(* Let $d\ge2$ and $\Phi_t:\mathbb M_d\to\mathbb M_d$, $\Phi_t(X)=\mathrm{Tr}(X)I_d-tX$, $t\in\mathbb R$. For $\alpha\in[1,d]$ with $\alpha=k+\theta$, $k=\lfloor\alpha\rfloor$, $\theta\in[0,1)$, let $t^\ast_\alpha:=\frac{k+\theta^2}{(k+\theta)^2}$. Then: (i) if $t\le0$, $\Phi_t$ is completely positive and $\tau(\Phi_t)=d$; (ii) if $0<t\le\frac1d$, $\Phi_t$ is completely positive and $\tau(\Phi_t)=d$; (iii) if $\frac1d<t<1$, then $\tau(\Phi_t)$ is the unique $\alpha\in(1,d)$ with $t=t^\ast_\alpha$; more explicitly, if $t\in(\frac1{k+1},\frac1k]$ for some $k\in\{1,\dots,d-1\}$, then $\tau(\Phi_t)=k+\theta(t)$ where $\theta(t)\in[0,1)$ is the unique solution in $[0,1)$ of $(t-1)\theta^2+2tk\theta+(tk^2-k)=0$; equivalently, for $t\in(\frac1{k+1},\frac1k)$, $\theta(t)=\frac{tk-\sqrt{k(t(k+1)-1)}}{1-t}$; and at $t=\frac1k$, $\theta(t)=0$, so $\tau(\Phi_{1/k})=k$; (iv) $\tau(\Phi_1)=1$.
   Context: The Choi matrix of a linear $\Phi:\mathbb M_d\to\mathbb M_d$ is $C_\Phi=\sum_{i,j}E_{ij}\otimes\Phi(E_{ij})$. Schmidt coefficients $s_1(\psi)\ge\dots\ge s_d(\psi)\ge0$ of $\psi=\sum a_{ij}e_i\otimes e_j$ are the singular values of $[a_{ij}]$. For $\alpha\in[1,d]$ with $k=\lfloor\alpha\rfloor$, $\theta=\alpha-k$, $r=\lceil\alpha\rceil$, a unit vector $\psi$ is $\alpha$-admissible if $s_j(\psi)=0$ for $j\ge r+1$ and, when $\theta>0$, $s_{k+1}(\psi)\le\frac\theta k\sum_{j=1}^ks_j(\psi)$; $\mathcal V_\alpha$ is the set of these. A Hermitian-preserving $\Phi$ is in $\mathsf P_\alpha$ if $\langle\psi,C_\Phi\psi\rangle\ge0$ for all $\psi\in\mathcal V_\alpha$. For a Hermitian-preserving $\Phi\in\mathsf P_1$, the stability index is $\tau(\Phi):=\sup\{\alpha\in[1,d]:\Phi\in\mathsf P_\alpha\}$. *)

theory Defs
  imports "Jordan_Normal_Form.Char_Poly" "Jordan_Normal_Form.Conjugate"
    "HOL-Computational_Algebra.Polynomial" "HOL-Library.Multiset"
begin

(* Matrices in M_d are complex d x d matrices (type complex mat with carrier_mat d d).
   C^d (x) C^d is identified with C^(d*d) via e_i (x) e_j  <->  e_(i*d+j)  (i,j < d). *)

definition mtrace :: "complex mat \<Rightarrow> complex" where
  "mtrace X = (\<Sum>i<dim_row X. X $$ (i,i))"

definition adj :: "complex mat \<Rightarrow> complex mat" where
  "adj A = mat (dim_col A) (dim_row A) (\<lambda>(i,j). cnj (A $$ (j,i)))"

definition Eunit :: "nat \<Rightarrow> nat \<Rightarrow> nat \<Rightarrow> complex mat" where
  "Eunit d i j = mat d d (\<lambda>(a,b). if a = i \<and> b = j then 1 else 0)"

(* Choi matrix C_Phi = sum_ij E_ij (x) Phi(E_ij): entry ((i,k),(j,l)) = Phi(E_ij)_(k,l) *)
definition choi :: "nat \<Rightarrow> (complex mat \<Rightarrow> complex mat) \<Rightarrow> complex mat" where
  "choi d \<Phi> = mat (d*d) (d*d)
     (\<lambda>(p,q). \<Phi> (Eunit d (p div d) (q div d)) $$ (p mod d, q mod d))"

(* quadratic form <psi, C psi> (inner product antilinear in the first slot) *)
definition qform :: "complex mat \<Rightarrow> complex vec \<Rightarrow> complex" where
  "qform C \<psi> = (C *\<^sub>v \<psi>) \<bullet>c \<psi>"

definition coeff_mat :: "nat \<Rightarrow> complex vec \<Rightarrow> complex mat" where
  "coeff_mat d \<psi> = mat d d (\<lambda>(i,j). \<psi> $ (i*d + j))"

definition singular_values :: "complex mat \<Rightarrow> real list" where
  "singular_values A = rev (sorted_list_of_multiset
      (image_mset (\<lambda>z. sqrt (Re z)) (proots (char_poly (adj A * A)))))"

(* Schmidt coefficient s_j(psi), 1-indexed *)
definition schmidt :: "nat \<Rightarrow> complex vec \<Rightarrow> nat \<Rightarrow> real" where
  "schmidt d \<psi> j = singular_values (coeff_mat d \<psi>) ! (j - 1)"

definition unit_vec_dd :: "nat \<Rightarrow> complex vec \<Rightarrow> bool" where
  "unit_vec_dd d \<psi> \<longleftrightarrow> \<psi> \<in> carrier_vec (d*d) \<and> (\<Sum>i<d*d. (cmod (\<psi> $ i))\<^sup>2) = 1"

definition admissible :: "nat \<Rightarrow> real \<Rightarrow> complex vec \<Rightarrow> bool" where
  "admissible d \<alpha> \<psi> \<longleftrightarrow>
     (let k = nat \<lfloor>\<alpha>\<rfloor>; \<theta> = \<alpha> - real k; r = nat \<lceil>\<alpha>\<rceil> in
       unit_vec_dd d \<psi> \<and>
       (\<forall>j. r + 1 \<le> j \<and> j \<le> d \<longrightarrow> schmidt d \<psi> j = 0) \<and>
       (\<theta> > 0 \<longrightarrow> schmidt d \<psi> (k+1) \<le> \<theta> / real k * (\<Sum>j=1..k. schmidt d \<psi> j)))"

definition V_alpha :: "nat \<Rightarrow> real \<Rightarrow> complex vec set" where
  "V_alpha d \<alpha> = {\<psi>. admissible d \<alpha> \<psi>}"

definition hermitian_preserving :: "nat \<Rightarrow> (complex mat \<Rightarrow> complex mat) \<Rightarrow> bool" where
  "hermitian_preserving d \<Phi> \<longleftrightarrow>
     (\<forall>X \<in> carrier_mat d d. adj X = X \<longrightarrow> \<Phi> X \<in> carrier_mat d d \<and> adj (\<Phi> X) = \<Phi> X)"

(* membership in P_alpha; "\<ge> 0" in C means real and nonnegative *)
definition in_P :: "nat \<Rightarrow> real \<Rightarrow> (complex mat \<Rightarrow> complex mat) \<Rightarrow> bool" where
  "in_P d \<alpha> \<Phi> \<longleftrightarrow> hermitian_preserving d \<Phi> \<and>
     (\<forall>\<psi> \<in> V_alpha d \<alpha>. Im (qform (choi d \<Phi>) \<psi>) = 0 \<and> Re (qform (choi d \<Phi>) \<psi>) \<ge> 0)"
———
Transcribe the material above in its entirety, precisely as written.

(* Let $d\ge2$ and $\Phi_t:\mathbb M_d\to\mathbb M_d$, $\Phi_t(X)=\mathrm{Tr}(X)I_d-tX$, $t\in\mathbb R$. For $\alpha\in[1,d]$ with $\alpha=k+\theta$, $k=\lfloor\alpha\rfloor$, $\theta\in[0,1)$, let $t^\ast_\alpha:=\frac{k+\theta^2}{(k+\theta)^2}$. Then: (i) if $t\le0$, $\Phi_t$ is completely positive and $\tau(\Phi_t)=d$; (ii) if $0<t\le\frac1d$, $\Phi_t$ is completely positive and $\tau(\Phi_t)=d$; (iii) if $\frac1d<t<1$, then $\tau(\Phi_t)$ is the unique $\alpha\in(1,d)$ with $t=t^\ast_\alpha$; more explicitly, if $t\in(\frac1{k+1},\frac1k]$ for some $k\in\{1,\dots,d-1\}$, then $\tau(\Phi_t)=k+\theta(t)$ where $\theta(t)\in[0,1)$ is the unique solution in $[0,1)$ of $(t-1)\theta^2+2tk\theta+(tk^2-k)=0$; equivalently, for $t\in(\frac1{k+1},\frac1k)$, $\theta(t)=\frac{tk-\sqrt{k(t(k+1)-1)}}{1-t}$; and at $t=\frac1k$, $\theta(t)=0$, so $\tau(\Phi_{1/k})=k$; (iv) $\tau(\Phi_1)=1$.
   Context: The Choi matrix of a linear $\Phi:\mathbb M_d\to\mathbb M_d$ is $C_\Phi=\sum_{i,j}E_{ij}\otimes\Phi(E_{ij})$. Schmidt coefficients $s_1(\psi)\ge\dots\ge s_d(\psi)\ge0$ of $\psi=\sum a_{ij}e_i\otimes e_j$ are the singular values of $[a_{ij}]$. For $\alpha\in[1,d]$ with $k=\lfloor\alpha\rfloor$, $\theta=\alpha-k$, $r=\lceil\alpha\rceil$, a unit vector $\psi$ is $\alpha$-admissible if $s_j(\psi)=0$ for $j\ge r+1$ and, when $\theta>0$, $s_{k+1}(\psi)\le\frac\theta k\sum_{j=1}^ks_j(\psi)$; $\mathcal V_\alpha$ is the set of these. A Hermitian-preserving $\Phi$ is in $\mathsf P_\alpha$ if $\langle\psi,C_\Phi\psi\rangle\ge0$ for all $\psi\in\mathcal V_\alpha$. For a Hermitian-preserving $\Phi\in\mathsf P_1$, the stability index is $\tau(\Phi):=\sup\{\alpha\in[1,d]:\Phi\in\mathsf P_\alpha\}$. *)

theory Defs
  imports "Jordan_Normal_Form.Char_Poly" "Jordan_Normal_Form.Conjugate"
    "HOL-Computational_Algebra.Polynomial" "HOL-Library.Multiset"
begin

(* Matrices in M_d are complex d x d matrices (type complex mat with carrier_mat d d).
   C^d (x) C^d is identified with C^(d*d) via e_i (x) e_j  <->  e_(i*d+j)  (i,j < d). *)

definition mtrace :: "complex mat \<Rightarrow> complex" where
  "mtrace X = (\<Sum>i<dim_row X. X $$ (i,i))"

definition adj :: "complex mat \<Rightarrow> complex mat" where
  "adj A = mat (dim_col A) (dim_row A) (\<lambda>(i,j). cnj (A $$ (j,i)))"

definition Eunit :: "nat \<Rightarrow> nat \<Rightarrow> nat \<Rightarrow> complex mat" where
  "Eunit d i j = mat d d (\<lambda>(a,b). if a = i \<and> b = j then 1 else 0)"

(* Choi matrix C_Phi = sum_ij E_ij (x) Phi(E_ij): entry ((i,k),(j,l)) = Phi(E_ij)_(k,l) *)
definition choi :: "nat \<Rightarrow> (complex mat \<Rightarrow> complex mat) \<Rightarrow> complex mat" where
  "choi d \<Phi> = mat (d*d) (d*d)
     (\<lambda>(p,q). \<Phi> (Eunit d (p div d) (q div d)) $$ (p mod d, q mod d))"

(* quadratic form <psi, C psi> (inner product antilinear in the first slot) *)
definition qform :: "complex mat \<Rightarrow> complex vec \<Rightarrow> complex" where
  "qform C \<psi> = (C *\<^sub>v \<psi>) \<bullet>c \<psi>"

definition coeff_mat :: "nat \<Rightarrow> complex vec \<Rightarrow> complex mat" where
  "coeff_mat d \<psi> = mat d d (\<lambda>(i,j). \<psi> $ (i*d + j))"

definition singular_values :: "complex mat \<Rightarrow> real list" where
  "singular_values A = rev (sorted_list_of_multiset
      (image_mset (\<lambda>z. sqrt (Re z)) (proots (char_poly (adj A * A)))))"

(* Schmidt coefficient s_j(psi), 1-indexed *)
definition schmidt :: "nat \<Rightarrow> complex vec \<Rightarrow> nat \<Rightarrow> real" where
  "schmidt d \<psi> j = singular_values (coeff_mat d \<psi>) ! (j - 1)"

definition unit_vec_dd :: "nat \<Rightarrow> complex vec \<Rightarrow> bool" where
  "unit_vec_dd d \<psi> \<longleftrightarrow> \<psi> \<in> carrier_vec (d*d) \<and> (\<Sum>i<d*d. (cmod (\<psi> $ i))\<^sup>2) = 1"

definition admissible :: "nat \<Rightarrow> real \<Rightarrow> complex vec \<Rightarrow> bool" where
  "admissible d \<alpha> \<psi> \<longleftrightarrow>
     (let k = nat \<lfloor>\<alpha>\<rfloor>; \<theta> = \<alpha> - real k; r = nat \<lceil>\<alpha>\<rceil> in
       unit_vec_dd d \<psi> \<and>
       (\<forall>j. r + 1 \<le> j \<and> j \<le> d \<longrightarrow> schmidt d \<psi> j = 0) \<and>
       (\<theta> > 0 \<longrightarrow> schmidt d \<psi> (k+1) \<le> \<theta> / real k * (\<Sum>j=1..k. schmidt d \<psi> j)))"

definition V_alpha :: "nat \<Rightarrow> real \<Rightarrow> complex vec set" where
  "V_alpha d \<alpha> = {\<psi>. admissible d \<alpha> \<psi>}"

definition hermitian_preserving :: "nat \<Rightarrow> (complex mat \<Rightarrow> complex mat) \<Rightarrow> bool" where
  "hermitian_preserving d \<Phi> \<longleftrightarrow>
     (\<forall>X \<in> carrier_mat d d. adj X = X \<longrightarrow> \<Phi> X \<in> carrier_mat d d \<and> adj (\<Phi> X) = \<Phi> X)"

(* membership in P_alpha; "\<ge> 0" in C means real and nonnegative *)
definition in_P :: "nat \<Rightarrow> real \<Rightarrow> (complex mat \<Rightarrow> complex mat) \<Rightarrow> bool" where
  "in_P d \<alpha> \<Phi> \<longleftrightarrow> hermitian_preserving d \<Phi> \<and>
     (\<forall>\<psi> \<in> V_alpha d \<alpha>. Im (qform (choi d \<Phi>) \<psi>) = 0 \<and> Re (qform (choi d \<Phi>) \<psi>) \<ge> 0)"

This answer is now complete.